* _Task item_:
Look for the word "energy" in the material below. Copy each line that has it.
▬▬▬
lemma eff_res_le_path_capacities:
  assumes "st_path A tail head s t P" "s \<noteq> t" "supp A y = P"
  shows "eff_res V A tail head s t r y \<le> ereal (\<Sum>a\<in>P. y a powr (- r))"
proof -
  obtain f where flow: "is_unit_flow V P tail head s t f" and f: "\<forall>a\<in>P. \<bar>f a\<bar> = 1"
    using path_unit_flow[OF assms(1,2)] by blast
  have "eff_res V A tail head s t r y \<le> ereal (\<Sum>a\<in>P. \<bar>f a\<bar> powr (r + 1) / y a powr r)"
    unfolding eff_res_def assms(3) by (rule Inf_lower) (use flow in blast)
  also have "(\<Sum>a\<in>P. \<bar>f a\<bar> powr (r + 1) / y a powr r) = (\<Sum>a\<in>P. y a powr (- r))"
    using f by (intro sum.cong) (simp_all add: powr_minus_divide)
  finally show ?thesis .
qed

lemma NDP_value_le_path_cost:
  fixes r B \<epsilon> :: real and c \<gamma> :: "'a \<Rightarrow> real"
  assumes r: "r > 0" and B: "B > 0" and "finite A" and c: "\<forall>a\<in>A. c a \<ge> 0"
    and path: "st_path A tail head s t P" and "s \<noteq> t" and "\<epsilon> > 0"
  shows "NDP_value V A tail head s t r c \<gamma> (\<lambda>_. \<infinity>) B \<le> ereal (path_cost r B c \<gamma> P + \<epsilon>)"
proof -
  have PA: "P \<subseteq> A" and "finite P" and "P \<noteq> {}"
    using path \<open>s \<noteq> t\<close> by (auto dest: st_path_subset st_path_finite st_path_nonempty)
  obtain y0 where y0_pos: "\<forall>a\<in>P. y0 a > 0" and y0_B: "(\<Sum>a\<in>P. y0 a powr (- r)) = B"
    and y0_cost: "(\<Sum>a\<in>P. c a * y0 a) \<le> (\<Sum>a\<in>P. (c a / B powr (1 / r)) powr (r / (r + 1))) powr ((r + 1) / r) + \<epsilon>"
    using capacity_allocation_approx[OF r B \<open>finite P\<close> \<open>P \<noteq> {}\<close> _ \<open>\<epsilon> > 0\<close>, of c] c PA by auto
  define y where "y a = (if a \<in> P then y0 a else 0)" for a
  define x where "x a = (if a \<in> P then 1 else 0 :: real)" for a
  have "supp A y = P"
    using PA y0_pos by (auto simp: supp_def y_def)
  then have "eff_res V A tail head s t r y \<le> ereal (\<Sum>a\<in>P. y a powr (- r))"
    by (rule eff_res_le_path_capacities[OF path \<open>s \<noteq> t\<close>])
  also have "(\<Sum>a\<in>P. y a powr (- r)) = B"
    unfolding y0_B[symmetric] by (intro sum.cong) (simp_all add: y_def)
  finally have "eff_res V A tail head s t r y \<le> ereal B" .
  moreover have "\<forall>a\<in>A. x a \<in> {0, 1}" "\<forall>a\<in>A. y a \<ge> 0" "\<forall>a\<in>A. y a > 0 \<longrightarrow> x a = 1"
    using y0_pos by (auto simp: x_def y_def less_imp_le)
  ultimately have "NDP_value V A tail head s t r c \<gamma> (\<lambda>_. \<infinity>) B \<le> ereal (\<Sum>a\<in>A. c a * y a + \<gamma> a * x a)"
    unfolding NDP_value_def by (intro Inf_lower) auto
  also have "(\<Sum>a\<in>A. c a * y a + \<gamma> a * x a) = (\<Sum>a\<in>P. c a * y0 a + \<gamma> a)"
    using \<open>finite A\<close> PA by (intro sum.mono_neutral_cong_right) (auto simp: x_def y_def)
  also have "\<dots> \<le> path_cost r B c \<gamma> P + \<epsilon>"
    using y0_cost by (simp add: path_cost_def sum.distrib)
  finally show ?thesis
    by simp
qed

text \<open>The energy bound \<open>R\<^sup>y \<le> B\<close> is an infimum, so only \<open>B/z\<^sup>r\<close> (for \<open>0 < z < 1\<close>) is
  realised by an actual flow; this costs the factor \<open>z\<close>.\<close>
lemma design_cost_ge_path_cost:
  fixes r B z :: real and c \<gamma> x y :: "'a \<Rightarrow> real"
  assumes r: "r > 0" and B: "B > 0" and "finite V" "finite A"
    and ends: "\<forall>a\<in>A. tail a \<in> V \<and> head a \<in> V" and "s \<in> V" "t \<in> V" "s \<noteq> t"
    and c: "\<forall>a\<in>A. c a \<ge> 0" and \<gamma>: "\<forall>a\<in>A. \<gamma> a \<ge> 0"
    and x: "\<forall>a\<in>A. x a \<in> {0, 1}" and y: "\<forall>a\<in>A. y a \<ge> 0" and xy: "\<forall>a\<in>A. y a > 0 \<longrightarrow> x a = 1"
    and eff: "eff_res V A tail head s t r y \<le> ereal B"
    and z: "0 < z" "z < 1"
  shows "\<exists>P. st_path A tail head s t P \<and> z * path_cost r B c \<gamma> P \<le> (\<Sum>a\<in>A. c a * y a + \<gamma> a * x a)"
proof -
  define B' where "B' = B / z powr r"
  have "z powr r < 1"
    using powr_less_mono2[OF r _ z(2)] z by simp
  then have "B < B'"
    using B z by (simp add: B'_def field_simps)
  with eff have "eff_res V A tail head s t r y < ereal B'"
    by (simp add: le_less_trans)
  then obtain f where flow: "is_unit_flow V (supp A y) tail head s t f"
    and energy: "(\<Sum>a\<in>supp A y. \<bar>f a\<bar> powr (r + 1) / y a powr r) < B'"
    unfolding eff_res_def Inf_less_iff by auto
  have "B' > 0"
    using B \<open>B < B'\<close> by simp
  then obtain P where P: "st_path A tail head s t P" "P \<subseteq> supp A y"
    and cost: "(\<Sum>a\<in>P. c a powr (r / (r + 1))) powr ((r + 1) / r) / B' powr (1 / r) \<le> (\<Sum>a\<in>A. c a * y a)"
    using unit_flow_cost_lower_bound[OF r _ assms(3-8) c y flow less_imp_le[OF energy]] by blast
  have "B' powr (1 / r) = B powr (1 / r) / z"
    using B z r by (simp add: B'_def powr_divide powr_powr)
  moreover have "PA": "P \<subseteq> A"
    using P(2) by (auto simp: supp_def)
  ultimately have "z * (\<Sum>a\<in>P. (c a / B powr (1 / r)) powr (r / (r + 1))) powr ((r + 1) / r)
      = (\<Sum>a\<in>P. c a powr (r / (r + 1))) powr ((r + 1) / r) / B' powr (1 / r)"
    using sum_powr_scaled_powr[OF r B, of P c] c z by (auto simp: subset_iff)
  with cost have "z * (\<Sum>a\<in>P. (c a / B powr (1 / r)) powr (r / (r + 1))) powr ((r + 1) / r)
      \<le> (\<Sum>a\<in>A. c a * y a)"
    by simp
  moreover have "z * (\<Sum>a\<in>P. \<gamma> a) \<le> (\<Sum>a\<in>A. \<gamma> a * x a)"
  proof -
    have "z * (\<Sum>a\<in>P. \<gamma> a) \<le> (\<Sum>a\<in>P. \<gamma> a)"
      using z \<gamma> PA by (intro mult_left_le_one_le sum_nonneg) auto
    also have "\<dots> = (\<Sum>a\<in>P. \<gamma> a * x a)"
      using P(2) xy by (intro sum.cong) (auto simp: supp_def)
    also have "\<dots> \<le> (\<Sum>a\<in>A. \<gamma> a * x a)"
      using \<open>finite A\<close> PA \<gamma> x by (intro sum_mono2) auto
    finally show ?thesis .
  qed
  ultimately show ?thesis
    using P(1) by (auto simp: path_cost_def sum.distrib distrib_left)
qed

lemma Min_path_cost_le_design_cost:
  fixes r B :: real and c \<gamma> x y :: "'a \<Rightarrow> real"
  assumes r: "r > 0" and B: "B > 0" and "finite V" "finite A"
    and ends: "\<forall>a\<in>A. tail a \<in> V \<and> head a \<in> V" and "s \<in> V" "t \<in> V" "s \<noteq> t"
    and c: "\<forall>a\<in>A. c a \<ge> 0" and \<gamma>: "\<forall>a\<in>A. \<gamma> a \<ge> 0"
    and x: "\<forall>a\<in>A. x a \<in> {0, 1}" and y: "\<forall>a\<in>A. y a \<ge> 0" and xy: "\<forall>a\<in>A. y a > 0 \<longrightarrow> x a = 1"
    and eff: "eff_res V A tail head s t r y \<le> ereal B"
  shows "Min {path_cost r B c \<gamma> P | P. st_path A tail head s t P} \<le> (\<Sum>a\<in>A. c a * y a + \<gamma> a * x a)"
proof (rule field_le_mult_one_interval)
  fix z :: real assume z: "0 < z" "z < 1"
  then obtain P where "st_path A tail head s t P"
    and P: "z * path_cost r B c \<gamma> P \<le> (\<Sum>a\<in>A. c a * y a + \<gamma> a * x a)"
    using design_cost_ge_path_cost[OF assms] by blast
  then have "Min {path_cost r B c \<gamma> P | P. st_path A tail head s t P} \<le> path_cost r B c \<gamma> P"
    using finite_st_paths[OF \<open>finite A\<close>, of tail head s t] by (intro Min_le) auto
  with z P show "z * Min {path_cost r B c \<gamma> P | P. st_path A tail head s t P} \<le> (\<Sum>a\<in>A. c a * y a + \<gamma> a * x a)"
    by (meson mult_left_mono less_imp_le order_trans)
qed

lemma NDP_value_unbounded_eq_Min_path_cost:
  fixes r B :: real and c \<gamma> :: "'a \<Rightarrow> real"
  assumes r: "r > 0" and B: "B > 0" and "finite V" "finite A"
    and ends: "\<forall>a\<in>A. tail a \<in> V \<and> head a \<in> V" and "s \<in> V" "t \<in> V" "s \<noteq> t"
    and "weakly_connected V A tail head"
    and c: "\<forall>a\<in>A. c a \<ge> 0" and \<gamma>: "\<forall>a\<in>A. \<gamma> a \<ge> 0"
  shows "NDP_value V A tail head s t r c \<gamma> (\<lambda>_. \<infinity>) B =
           ereal (Min {path_cost r B c \<gamma> P | P. st_path A tail head s t P})"
proof (rule antisym)
  define m where "m = Min {path_cost r B c \<gamma> P | P. st_path A tail head s t P}"
  have "(s, t) \<in> (undirected_rel A tail head)\<^sup>*"
    using \<open>weakly_connected V A tail head\<close> \<open>s \<in> V\<close> \<open>t \<in> V\<close>
    unfolding weakly_connected_def by blast
  then have "{P. st_path A tail head s t P} \<noteq> {}"
    using st_path_if_rtrancl by (simp add: Collect_empty_eq)
  then have "m \<in> path_cost r B c \<gamma> ` {P. st_path A tail head s t P}"
    unfolding m_def setcompr_eq_image using finite_st_paths[OF \<open>finite A\<close>, of tail head s t]
    by (intro Min_in) auto
  then obtain P0 where P0: "st_path A tail head s t P0" "m = path_cost r B c \<gamma> P0"
    by blast
  show "NDP_value V A tail head s t r c \<gamma> (\<lambda>_. \<infinity>) B \<le> ereal m"
  proof (rule ereal_le_epsilon2)
    fix \<epsilon> :: real assume "\<epsilon> > 0"
    then show "NDP_value V A tail head s t r c \<gamma> (\<lambda>_. \<infinity>) B \<le> ereal m + ereal \<epsilon>"
      using NDP_value_le_path_cost[OF r B \<open>finite A\<close> c P0(1) \<open>s \<noteq> t\<close>] P0(2) by simp
  qed
  show "ereal m \<le> NDP_value V A tail head s t r c \<gamma> (\<lambda>_. \<infinity>) B"
    unfolding NDP_value_def m_def
    using Min_path_cost_le_design_cost[OF assms(1-8) c \<gamma>] by (intro Inf_greatest) auto
qed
▬▬▬
* _Solution to this exercise_:
text \<open>The energy bound \<open>R\<^sup>y \<le> B\<close> is an infimum, so only \<open>B/z\<^sup>r\<close> (for \<open>0 < z < 1\<close>) is
    and energy: "(\<Sum>a\<in>supp A y. \<bar>f a\<bar> powr (r + 1) / y a powr r) < B'"
    using unit_flow_cost_lower_bound[OF r _ assms(3-8) c y flow less_imp_le[OF energy]] by blast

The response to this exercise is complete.